Com o acesso sob controle, a proteção passa a depender da estrutura que guarda a informação. É aí que entram as medidas técnicas, que sustentam a segurança de dados em sistemas veterinários hospedados na nuvem:
- certificado SSL, que criptografa o tráfego entre o navegador e o servidor e impede a leitura da informação no meio do caminho;
- backup automático, com cópia fora do estabelecimento e restauração testada de tempos em tempos;
- computação em nuvem com atualização contínua, que dispensa servidor físico e elimina a dependência de um único computador;
- registro de auditoria, para saber quem consultou ou alterou cada prontuário.
Toda essa estrutura, porém, para de proteger no momento em que alguém da equipe abre a porta sem perceber.
Por isso, treinar o time faz parte da segurança.
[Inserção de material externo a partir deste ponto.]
(* Let $(r_k)_{k\ge1}$ be a sequence of real numbers such that for every $\epsilon>0$ there exists $K=K(\epsilon)\in\mathbb{N}$ with the following property: whenever $k_1,\dots,k_n\in\mathbb{N}$ satisfy $k_1,\dots,k_n\ge K$ and $k=k_1+\dots+k_n$, we have $r_k\le r_{k_1}+\dots+r_{k_n}+k\epsilon$. Then $\lim_{k\to\infty}r_k/k$ exists. *)

theory Defs
  imports Complex_Main "HOL-Library.Extended_Real"
begin

end

theory Submission
  imports Defs
begin

text \<open>Fix \<open>\<epsilon>\<close> and a block length \<open>m \<ge> K(\<epsilon>)\<close>. Every \<open>k \<ge> m\<close> is a sum of
  copies of \<open>m\<close> and one block of length between \<open>m\<close> and \<open>2m\<close>, so
  \<open>r\<^sub>k \<le> k r\<^sub>m / m + C\<^sub>m + k\<epsilon>\<close> with \<open>C\<^sub>m\<close> independent of \<open>k\<close>. Dividing by \<open>k\<close> gives
  \<open>limsup r\<^sub>k / k \<le> r\<^sub>m / m + 2\<epsilon>\<close> for all large \<open>m\<close>, hence \<open>limsup \<le> liminf + 2\<epsilon>\<close>.\<close>

definition approx_subadditive :: "(nat \<Rightarrow> real) \<Rightarrow> nat \<Rightarrow> real \<Rightarrow> bool" where
  "approx_subadditive r K e \<longleftrightarrow>
     (\<forall>ks. ks \<noteq> [] \<longrightarrow> (\<forall>x\<in>set ks. x \<ge> 1 \<and> x \<ge> K) \<longrightarrow>
        r (sum_list ks) \<le> sum_list (map r ks) + real (sum_list ks) * e)"

lemma div_mod_blocks:
  fixes k m :: nat
  assumes "m \<ge> 1" "k \<ge> m"
  shows "(k div m - 1) * m + (m + k mod m) = k"
proof -
  have "k div m \<ge> 1"
    using div_le_mono[OF assms(2), of m] assms(1) by simp
  then have "(k div m - 1) * m + (m + k mod m) = k div m * m + k mod m"
    by (cases "k div m") auto
  then show ?thesis
    by simp
qed

lemma approx_subadditive_split:
  assumes "approx_subadditive r K e" and "m \<ge> 1" "m \<ge> K" "k \<ge> m"
  shows "r k \<le> real (k div m - 1) * r m + r (m + k mod m) + real k * e"
proof -
  define ks where "ks = replicate (k div m - 1) m @ [m + k mod m]"
  have "sum_list ks = (k div m - 1) * m + (m + k mod m)"
    by (simp add: ks_def sum_list_replicate)
  also have "\<dots> = k"
    using assms(2,4) by (rule div_mod_blocks)
  finally have "sum_list ks = k" .
  moreover have "ks \<noteq> []" and "\<forall>x\<in>set ks. x \<ge> 1 \<and> x \<ge> K"
    using assms(2,3) by (auto simp: ks_def)
  ultimately have "r k \<le> sum_list (map r ks) + real k * e"
    using assms(1) unfolding approx_subadditive_def by metis
  then show ?thesis
    by (simp add: ks_def sum_list_replicate)
qed

lemma approx_subadditive_le_linear:
  assumes "approx_subadditive r K e" and "m \<ge> 1" "m \<ge> K" "k \<ge> m"
  shows "r k \<le> real k * (r m / m) + ((\<Sum>j<2*m. \<bar>r j\<bar>) + 2 * \<bar>r m\<bar>) + real k * e"
proof -
  define s where "s = k mod m"
  have "(k div m - 1) * m + s + m = k"
    using div_mod_blocks[OF assms(2,4)] unfolding s_def by linarith
  then have "real ((k div m - 1) * m + s + m) = real k"
    by (rule arg_cong)
  then have blocks: "real (k div m - 1) * real m = real k - real s - real m"
    unfolding of_nat_add of_nat_mult by linarith
  have "real (k div m - 1) * r m = (real (k div m - 1) * real m) * (r m / m)"
    using assms(2) by simp
  also have "\<dots> = real k * (r m / m) - (real s + real m) * (r m / m)"
    unfolding blocks by (simp add: algebra_simps)
  finally have copies: "real (k div m - 1) * r m = real k * (r m / m) - (real s + real m) * (r m / m)" .
  have "\<bar>(real s + real m) * (r m / m)\<bar> = (real s + real m) / m * \<bar>r m\<bar>"
    by (simp add: abs_mult)
  also have "\<dots> \<le> 2 * \<bar>r m\<bar>"
    using assms(2) by (intro mult_right_mono) (auto simp: s_def field_simps)
  finally have rest: "\<bar>(real s + real m) * (r m / m)\<bar> \<le> 2 * \<bar>r m\<bar>" .
  have "r (m + s) \<le> \<bar>r (m + s)\<bar>"
    by simp
  also have "\<dots> \<le> (\<Sum>j<2*m. \<bar>r j\<bar>)"
    using assms(2) by (intro member_le_sum) (auto simp: s_def)
  finally have last_block: "r (m + s) \<le> (\<Sum>j<2*m. \<bar>r j\<bar>)" .
  show ?thesis
    using approx_subadditive_split[OF assms] copies rest last_block unfolding s_def by linarith
qed

lemma approx_subadditive_Limsup_le:
  assumes "approx_subadditive r K e" and "e > 0" "m \<ge> 1" "m \<ge> K"
  shows "Limsup sequentially (\<lambda>k. ereal (r k / k)) \<le> ereal (r m / m + 2 * e)"
proof (rule Limsup_bounded)
  define C where "C = (\<Sum>j<2*m. \<bar>r j\<bar>) + 2 * \<bar>r m\<bar>"
  obtain N :: nat where "C / e \<le> N"
    using real_arch_simple by blast
  then have N: "C \<le> real N * e"
    using assms(2) by (simp add: divide_le_eq)
  have "r k / k \<le> r m / m + 2 * e" if k: "k \<ge> max N m" for k
  proof -
    have "real N * e \<le> real k * e"
      using k assms(2) by (intro mult_right_mono) auto
    then have "C \<le> real k * e"
      using N by linarith
    then have "r k \<le> real k * (r m / m + 2 * e)"
      using approx_subadditive_le_linear[OF assms(1,3,4), of k] k unfolding C_def
      by (simp add: algebra_simps)
    then show ?thesis
      using k assms(3) by (simp add: divide_le_eq mult.commute)
  qed
  then show "\<forall>\<^sub>F k in sequentially. ereal (r k / k) \<le> ereal (r m / m + 2 * e)"
    unfolding eventually_sequentially by (auto intro!: exI[of _ "max N m"])
qed

lemma convergent_ereal_if_Limsup_le_tail:
  fixes f :: "nat \<Rightarrow> real"
  assumes "\<And>e. e > 0 \<Longrightarrow> \<exists>K. \<forall>m\<ge>K. Limsup sequentially (\<lambda>k. ereal (f k)) \<le> ereal (f m + e)"
  shows "convergent (\<lambda>k. ereal (f k))"
proof -
  have "Limsup sequentially (\<lambda>k. ereal (f k)) \<le> Liminf sequentially (\<lambda>k. ereal (f k))"
  proof (rule ereal_le_epsilon2)
    fix e :: real
    assume "e > 0"
    then obtain K where "\<forall>m\<ge>K. Limsup sequentially (\<lambda>k. ereal (f k)) \<le> ereal (f m + e)"
      using assms by blast
    then have "Limsup sequentially (\<lambda>k. ereal (f k)) \<le> Liminf sequentially (\<lambda>m. ereal (f m) + ereal e)"
      by (intro Liminf_bounded) (auto simp: eventually_sequentially)
    also have "\<dots> = Liminf sequentially (\<lambda>k. ereal (f k)) + ereal e"
      by (rule Liminf_add_ereal_right) auto
    finally show "Limsup sequentially (\<lambda>k. ereal (f k)) \<le> Liminf sequentially (\<lambda>k. ereal (f k)) + ereal e" .
  qed
  moreover have "Liminf sequentially (\<lambda>k. ereal (f k)) \<le> Limsup sequentially (\<lambda>k. ereal (f k))"
    by (rule Liminf_le_Limsup) simp
  ultimately show ?thesis
    unfolding convergent_ereal by simp
qed

theorem lemma2p9:
  fixes r :: "nat \<Rightarrow> real"
  assumes "\<forall>\<epsilon>>0. \<exists>K::nat. \<forall>ks::nat list. ks \<noteq> [] \<longrightarrow>
             (\<forall>x\<in>set ks. x \<ge> 1 \<and> x \<ge> K) \<longrightarrow>
             r (sum_list ks) \<le> sum_list (map r ks) + real (sum_list ks) * \<epsilon>"
  shows "\<exists>L::ereal. ((\<lambda>k. ereal (r k / real k)) \<longlongrightarrow> L) sequentially"
proof -
  have "\<exists>K. \<forall>m\<ge>K. Limsup sequentially (\<lambda>k. ereal (r k / k)) \<le> ereal (r m / m + e)"
    if "e > 0" for e
  proof -
    obtain K where "approx_subadditive r K (e / 2)"
      using assms \<open>e > 0\<close> unfolding approx_subadditive_def by (meson half_gt_zero)
    then have "\<forall>m\<ge>max K 1. Limsup sequentially (\<lambda>k. ereal (r k / k)) \<le> ereal (r m / m + e)"
      using approx_subadditive_Limsup_le[of r K "e / 2"] \<open>e > 0\<close> by simp
    then show ?thesis
      by blast
  qed
  then have "convergent (\<lambda>k. ereal (r k / k))"
    by (rule convergent_ereal_if_Limsup_le_tail)
  then show ?thesis
    by (auto simp: convergent_def)
qed

end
Não adianta investir em tecnologia se a senha de administrador fica colada no monitor da recepção ou se qualquer funcionário abre anexos e links sem verificar a origem.
Reserve meia hora por trimestre para revisar como a clínica lida com senhas, anexos de e-mail desconhecidos e pedidos de informação por telefone. A rotina de segurança funciona como qualquer outra, por isso deve entrar na gestão de processos da clínica, com responsável e periodicidade definidos.

Perfil por função, backup testado, registro de auditoria: quase tudo o que você leu até aqui acontece em um sistema. No SimplesVet, boa parte dessas camadas já vem ligada, sem configuração da sua parte.
Como o SimplesVet reforça a segurança de dados em clínicas veterinárias?
Boa parte das medidas depende da ferramenta que a clínica escolhe. No SimplesVet, essa estrutura aparece em:
- funcionamento 100% online, com acesso de qualquer dispositivo e sem servidor físico na clínica;
- backup automático em nuvem, que dispensa o HD externo na gaveta;
- perfis de usuário configuráveis, para liberar a cada função apenas as telas necessárias;
- compartilhamento pelo portal do tutor, no qual o responsável acessa receitas, exames e vacinas pelo celular, sem laudo circulando por aplicativo de mensagem.
Aliás, a preocupação com dados também vale para os seus. No Portal de Privacidade você confere como a gente trata cada informação compartilhada com o sistema e quais direitos a LGPD garante a você.
No final das contas, tudo volta para o que conversamos lá no começo: são muitos dados de outras pessoas passando pela sua recepção todo dia. Com o SimplesVet, cada informação fica em um só lugar, com backup automático e acesso restrito a quem precisa.
Experimente o SimplesVet gratuitamente por 7 dias e trate a segurança de dados da sua clínica veterinária como prioridade.
Perguntas frequentes
Como proteger os prontuários veterinários contra perda ou vazamento?
A proteção combina armazenamento em nuvem com backup automático, perfis de acesso individuais por função e envio de laudos por canais rastreáveis. Registros de auditoria mostram quem consultou cada documento. Também vale definir prazos de armazenamento e remover qualquer dado que não tenha mais finalidade.
A integração com marketplaces como a Petlove é segura?
Integrações oficiais entre sistemas de gestão e parceiros trafegam dados por conexões criptografadas e dispensam o acesso manual a portais externos, o que reduz erros de digitação e cópias avulsas. Antes de contratar, verifique quais informações são compartilhadas e como o parceiro trata os dados recebidos.
Planilhas e computadores locais são seguros para armazenar dados dos clientes?
Não. Arquivos locais concentram a única cópia em um equipamento sujeito a roubo, defeito e falha de energia, sem registro de quem acessou cada informação. A recuperação depende de backup manual, e localizar um prontuário específico pode demorar e até ultrapassar o prazo de entrega exigido pelo CFMV.